------ ENTRIES SHOWN
lemma e2ennreal_parts_le:
  fixes f g :: ereal and a b :: real
  assumes "f + ereal a \<le> g + ereal b" and "0 \<le> a" and "0 \<le> b"
  shows "e2ennreal f + e2ennreal (- g) + ennreal a \<le> e2ennreal g + e2ennreal (- f) + ennreal b"
proof (cases f; cases g)
  fix x y assume [simp]: "f = ereal x" "g = ereal y"
  have split: "ennreal t = ennreal (max t 0)" for t :: real
    by (simp add: max_def ennreal_neg)
  have "ennreal x + ennreal (- y) + ennreal a = ennreal (max x 0 + max (- y) 0 + a)"
    using assms by (subst (1 2) split) simp
  also have "\<dots> \<le> ennreal (max y 0 + max (- x) 0 + b)"
    using assms by (intro ennreal_leI) auto
  also have "\<dots> = ennreal y + ennreal (- x) + ennreal b"
    using assms by (simp flip: split)
  finally show ?thesis by simp
qed (use assms in auto)

lemma enn2ereal_diff_le_diff:
  fixes a b c d :: ennreal
  assumes "a + d \<le> c + b" and "b < \<infinity>"
  shows "enn2ereal a - enn2ereal b \<le> enn2ereal c - enn2ereal d"
proof -
  obtain r where r: "enn2ereal b = ereal r"
    using assms(2) by (cases b) auto
  have "enn2ereal a + enn2ereal d \<le> enn2ereal c + ereal r"
    using assms(1) r by (simp add: less_eq_ennreal.rep_eq plus_ennreal.rep_eq)
  then show ?thesis
    unfolding r using enn2ereal_nonneg[of a] enn2ereal_nonneg[of c] enn2ereal_nonneg[of d]
    by (cases "enn2ereal a"; cases "enn2ereal c"; cases "enn2ereal d") auto
qed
------------
Which lines hold the word "using"? Copy each of them from the records.

SOLUTION TO THE PROBLEM
    using assms by (subst (1 2) split) simp
    using assms by (intro ennreal_leI) auto
    using assms by (simp flip: split)
    using assms(2) by (cases b) auto
    using assms(1) r by (simp add: less_eq_ennreal.rep_eq plus_ennreal.rep_eq)
    unfolding r using enn2ereal_nonneg[of a] enn2ereal_nonneg[of c] enn2ereal_nonneg[of d]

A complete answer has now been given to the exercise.